Work to be completed
Each line below from the one containing "0 \<or> pmf" through the one containing "x] by linarith" should be output exactly as it stands, and no other line should appear.

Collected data

(* Let $J(P,Q)=\frac{D(P\|Q)+D(Q\|P)}{2}$ denote Jeffreys' divergence, with $P,Q$ ranging over pairs of probability distributions on a common countable set. Then (i) for every $\varepsilon\in[0,1)$, $\displaystyle\min_{P,Q:\ d_{\mathrm{TV}}(P,Q)=\varepsilon} J(P,Q)=\varepsilon\log\frac{1+\varepsilon}{1-\varepsilon}$, and this minimum is achieved by $P=\left(\frac{1-\varepsilon}{2},\frac{1+\varepsilon}{2}\right)$, $Q=\left(\frac{1+\varepsilon}{2},\frac{1-\varepsilon}{2}\right)$; (ii) for every $\varepsilon>0$, $\displaystyle\inf_{P,Q:\ D(P\|Q)=\varepsilon} J(P,Q)=\frac{\varepsilon}{2}$; (iii) the corresponding suprema, $\sup_{P,Q:\ d_{\mathrm{TV}}(P,Q)=\varepsilon}J(P,Q)$ for $\varepsilon\in(0,1)$ and $\sup_{P,Q:\ D(P\|Q)=\varepsilon}J(P,Q)$ for $\varepsilon>0$, are both $+\infty$.
   Context: $d_{\mathrm{TV}}(P,Q)=\frac12\sum_x |P(x)-Q(x)|$; $D(P\|Q)=\sum_x P(x)\log\frac{P(x)}{Q(x)}$ is the relative entropy (possibly $+\infty$). Logarithms are natural. *)

theory Defs
  imports "HOL-Probability.Probability"
begin

definition dtv :: "'a pmf \<Rightarrow> 'a pmf \<Rightarrow> real" where
  "dtv P Q = (\<Sum>\<^sub>\<infinity>x. \<bar>pmf P x - pmf Q x\<bar>) / 2"

definition kl_term :: "'a pmf \<Rightarrow> 'a pmf \<Rightarrow> 'a \<Rightarrow> ereal" where
  "kl_term P Q x =
     (if pmf P x = 0 then 0
      else if pmf Q x = 0 then \<infinity>
      else ereal (pmf P x * ln (pmf P x / pmf Q x)))"

text \<open>Relative entropy D(P||Q) = sum over x of the summands, as an extended real
  (possibly +infinity): sum of positive parts minus sum of negative parts
  (the latter is always finite).\<close>
definition kl_div :: "'a pmf \<Rightarrow> 'a pmf \<Rightarrow> ereal" where
  "kl_div P Q =
     enn2ereal (\<integral>\<^sup>+ x. e2ennreal (max 0 (kl_term P Q x)) \<partial>count_space UNIV)
   - enn2ereal (\<integral>\<^sup>+ x. e2ennreal (max 0 (- kl_term P Q x)) \<partial>count_space UNIV)"

definition jeffreys :: "'a pmf \<Rightarrow> 'a pmf \<Rightarrow> ereal" where
  "jeffreys P Q = (kl_div P Q + kl_div Q P) / 2"

definition two_point :: "'a \<Rightarrow> 'a \<Rightarrow> real \<Rightarrow> 'a pmf" where
  "two_point a b t = map_pmf (\<lambda>c. if c then b else a) (bernoulli_pmf t)"

end

theory Submission
  imports Defs
begin

(* Lower bound in (i): for every r > 0 the symmetrised summand (p - q) log(p/q) dominates
   a linear function of p + q and |p - q| (a tangent line of the convex function
   (t - 1) log t at t = r or 1/r).  Summing, and choosing r = (1+e)/(1-e), gives
   J >= e log((1+e)/(1-e)) whenever d_TV = e; the symmetric two-point pair attains it.

   Everything else uses two-point distributions: (ii) follows from J >= D/2 together with
   pairs (p, d) with D = e, p -> 0 and small reverse divergence (found by the intermediate
   value theorem); (iii) uses pairs where one of the divergences is infinite. *)

lemma pmf_summable_on: "pmf P summable_on A"
  using pmf_abs_summable[of P A] abs_summable_equivalent summable_on_iff_abs_summable_on_real
  by blast

lemma infsum_pmf_UNIV: "(\<Sum>\<^sub>\<infinity>x. pmf P x) = 1"
  using infsetsum_infsum[OF pmf_abs_summable[of P UNIV]] infsetsum_pmf_eq_1[of P UNIV] by simp

lemma summable_on_diff:
  fixes f g :: "'a \<Rightarrow> 'b::topological_ab_group_add"
  assumes "f summable_on A" "g summable_on A"
  shows "(\<lambda>x. f x - g x) summable_on A"
  using summable_on_add[OF assms(1) summable_on_uminus[THEN iffD2, OF assms(2)]] by simp

lemma infsum_diff:
  fixes f g :: "'a \<Rightarrow> 'b::{topological_ab_group_add, t2_space}"
  assumes "f summable_on A" "g summable_on A"
  shows "infsum (\<lambda>x. f x - g x) A = infsum f A - infsum g A"
  using infsum_add[OF assms(1) summable_on_uminus[THEN iffD2, OF assms(2)]]
    infsum_uminus[of g A] by simp

lemma summable_on_if_nn_integral_finite:
  fixes g :: "'a \<Rightarrow> real"
  assumes "\<And>x. g x \<ge> 0" "(\<integral>\<^sup>+x. ennreal (g x) \<partial>count_space UNIV) \<noteq> \<infinity>"
  shows "g summable_on UNIV"
proof -
  have "(\<integral>\<^sup>+x. ennreal (norm (g x)) \<partial>count_space UNIV) = (\<integral>\<^sup>+x. ennreal (g x) \<partial>count_space UNIV)"
    using assms(1) by (intro nn_integral_cong) simp
  hence "integrable (count_space UNIV) g"
    using assms(2) by (intro integrableI_bounded) (auto simp: less_top)
  hence "Infinite_Set_Sum.abs_summable_on g UNIV"
    unfolding Infinite_Set_Sum.abs_summable_on_def .
  thus ?thesis
    using abs_summable_equivalent summable_on_iff_abs_summable_on_real by blast
qed

lemma nn_integral_eq_infsum:
  fixes g :: "'a \<Rightarrow> real"
  assumes "\<And>x. g x \<ge> 0" "g summable_on UNIV"
  shows "(\<integral>\<^sup>+x. ennreal (g x) \<partial>count_space UNIV) = ennreal (\<Sum>\<^sub>\<infinity>x. g x)"
proof -
  have sm: "Infinite_Set_Sum.abs_summable_on g UNIV"
    using assms(2) summable_on_iff_abs_summable_on_real abs_summable_equivalent by blast
  show ?thesis
    using nn_integral_conv_infsetsum[OF sm assms(1)] infsetsum_infsum[OF sm] by simp
qed

section \<open>The relative entropy\<close>

definition kl_summand :: "real \<Rightarrow> real \<Rightarrow> real" where
  "kl_summand u v = (if u = 0 then 0 else u * ln (u / v))"

text \<open>Pointwise Gibbs inequality: the summand is at least u - v; this bounds the negative
  parts of the relative entropy and yields its nonnegativity.\<close>

lemma kl_summand_ge:
  assumes "0 \<le> u" "0 \<le> v" "v = 0 \<Longrightarrow> u = 0"
  shows "kl_summand u v \<ge> u - v"
proof (cases "u = 0")
  case True
  thus ?thesis using assms by (simp add: kl_summand_def)
next
  case False
  hence u: "u > 0" and v: "v > 0" using assms by force+
  have "ln (v / u) \<le> v / u - 1" using u v by (intro ln_le_minus_one) simp
  hence "ln (u / v) \<ge> 1 - v / u" using u v by (simp add: ln_div)
  hence "u * ln (u / v) \<ge> u * (1 - v / u)" using u by (intro mult_left_mono) auto
  also have "u * (1 - v / u) = u - v" using u by (simp add: field_simps)
  finally show ?thesis using False by (simp add: kl_summand_def)
qed

lemma kl_term_eq_summand:
  assumes "pmf Q x = 0 \<Longrightarrow> pmf P x = 0"
  shows "kl_term P Q x = ereal (kl_summand (pmf P x) (pmf Q x))"
  using assms by (auto simp: kl_term_def kl_summand_def)

lemma kl_term_neg_le: "- kl_term P Q x \<le> ereal (pmf Q x)"
proof (cases "pmf P x = 0 \<or> pmf Q x = 0")
  case False
  hence "kl_summand (pmf P x) (pmf Q x) \<ge> pmf P x - pmf Q x" by (intro kl_summand_ge) auto
  hence "- kl_summand (pmf P x) (pmf Q x) \<le> pmf Q x" using pmf_nonneg[of P x] by linarith
  moreover have "kl_term P Q x = ereal (kl_summand (pmf P x) (pmf Q x))"
    using False by (intro kl_term_eq_summand) auto
  ultimately show ?thesis by simp
qed (auto simp: kl_term_def)

lemma e2ennreal_max_0: "e2ennreal (max 0 (ereal r)) = ennreal (max 0 r)"
  by (simp only: ereal_max_0 e2ennreal_ereal)

lemma kl_neg_part_le_1:
  "(\<integral>\<^sup>+ x. e2ennreal (max 0 (- kl_term P Q x)) \<partial>count_space UNIV) \<le> 1"
proof -
  have "(\<integral>\<^sup>+ x. e2ennreal (max 0 (- kl_term P Q x)) \<partial>count_space UNIV)
      \<le> (\<integral>\<^sup>+ x. ennreal (pmf Q x) \<partial>count_space UNIV)"
  proof (intro nn_integral_mono)
    fix x
    have "max 0 (- kl_term P Q x) \<le> ereal (pmf Q x)"
      using kl_term_neg_le[of P Q x] by simp
    from e2ennreal_mono[OF this]
    show "e2ennreal (max 0 (- kl_term P Q x)) \<le> ennreal (pmf Q x)" by simp
  qed
  also have "\<dots> = 1"
    unfolding nn_integral_pmf using measure_pmf.emeasure_space_1[of Q] by simp
  finally show ?thesis .
qed

lemma kl_neg_part_finite:
  "enn2ereal (\<integral>\<^sup>+ x. e2ennreal (max 0 (- kl_term P Q x)) \<partial>count_space UNIV) \<noteq> \<infinity>"
  using kl_neg_part_le_1[of P Q, unfolded less_eq_ennreal.rep_eq] by auto

lemma kl_div_eq_infinity:
  assumes "pmf P x \<noteq> 0" "pmf Q x = 0"
  shows "kl_div P Q = \<infinity>"
proof -
  let ?g = "\<lambda>y. e2ennreal (max 0 (kl_term P Q y))"
  have "?g x * emeasure (count_space UNIV) {x} = (\<integral>\<^sup>+ y. ?g y * indicator {x} y \<partial>count_space UNIV)"
    by (rule nn_integral_indicator_singleton[symmetric]) simp
  also have "\<dots> \<le> (\<integral>\<^sup>+ y. ?g y \<partial>count_space UNIV)"
    by (intro nn_integral_mono) (simp split: split_indicator)
  finally have "(\<integral>\<^sup>+ y. ?g y \<partial>count_space UNIV) = \<infinity>"
    using assms by (simp add: kl_term_def top_unique)
  thus ?thesis using kl_neg_part_finite[of P Q] unfolding kl_div_def by simp
qed

lemma kl_div_eq_infsum:
  assumes ac: "\<And>x. pmf Q x = 0 \<Longrightarrow> pmf P x = 0"
    and sm: "(\<lambda>x. kl_summand (pmf P x) (pmf Q x)) summable_on UNIV"
  shows "kl_div P Q = ereal (\<Sum>\<^sub>\<infinity>x. kl_summand (pmf P x) (pmf Q x))"
proof -
  define f where "f x = kl_summand (pmf P x) (pmf Q x)" for x
  have nf: "(\<lambda>x. norm (f x)) summable_on UNIV"
    using summable_on_iff_abs_summable_on_real[THEN iffD1, OF sm] unfolding f_def .
  have s1: "(\<lambda>x. max 0 (f x)) summable_on UNIV"
    by (rule summable_on_comparison_test[OF nf]) auto
  have s2: "(\<lambda>x. max 0 (- f x)) summable_on UNIV"
    by (rule summable_on_comparison_test[OF nf]) auto
  have "(\<integral>\<^sup>+ x. e2ennreal (max 0 (kl_term P Q x)) \<partial>count_space UNIV)
      = (\<integral>\<^sup>+ x. ennreal (max 0 (f x)) \<partial>count_space UNIV)"
    by (intro nn_integral_cong) (simp only: kl_term_eq_summand[OF ac] f_def e2ennreal_max_0)
  also have "\<dots> = ennreal (\<Sum>\<^sub>\<infinity>x. max 0 (f x))"
    by (rule nn_integral_eq_infsum[OF _ s1]) simp
  finally have pos: "(\<integral>\<^sup>+ x. e2ennreal (max 0 (kl_term P Q x)) \<partial>count_space UNIV)
      = ennreal (\<Sum>\<^sub>\<infinity>x. max 0 (f x))" .
  have "(\<integral>\<^sup>+ x. e2ennreal (max 0 (- kl_term P Q x)) \<partial>count_space UNIV)
      = (\<integral>\<^sup>+ x. ennreal (max 0 (- f x)) \<partial>count_space UNIV)"
    by (intro nn_integral_cong)
      (simp only: kl_term_eq_summand[OF ac] f_def uminus_ereal.simps e2ennreal_max_0)
  also have "\<dots> = ennreal (\<Sum>\<^sub>\<infinity>x. max 0 (- f x))"
    by (rule nn_integral_eq_infsum[OF _ s2]) simp
  finally have neg: "(\<integral>\<^sup>+ x. e2ennreal (max 0 (- kl_term P Q x)) \<partial>count_space UNIV)
      = ennreal (\<Sum>\<^sub>\<infinity>x. max 0 (- f x))" .
  have "kl_div P Q = ereal ((\<Sum>\<^sub>\<infinity>x. max 0 (f x)) - (\<Sum>\<^sub>\<infinity>x. max 0 (- f x)))"
    unfolding kl_div_def pos neg by (simp add: infsum_nonneg)
  also have "\<dots> = ereal (\<Sum>\<^sub>\<infinity>x. max 0 (f x) - max 0 (- f x))"
    by (simp add: infsum_diff[OF s1 s2])
  also have "(\<lambda>x. max 0 (f x) - max 0 (- f x)) = f" by (auto simp: max_def)
  finally show ?thesis unfolding f_def .
qed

Task response
proof (cases "pmf P x = 0 \<or> pmf Q x = 0")
  case False
  hence "kl_summand (pmf P x) (pmf Q x) \<ge> pmf P x - pmf Q x" by (intro kl_summand_ge) auto
  hence "- kl_summand (pmf P x) (pmf Q x) \<le> pmf Q x" using pmf_nonneg[of P x] by linarith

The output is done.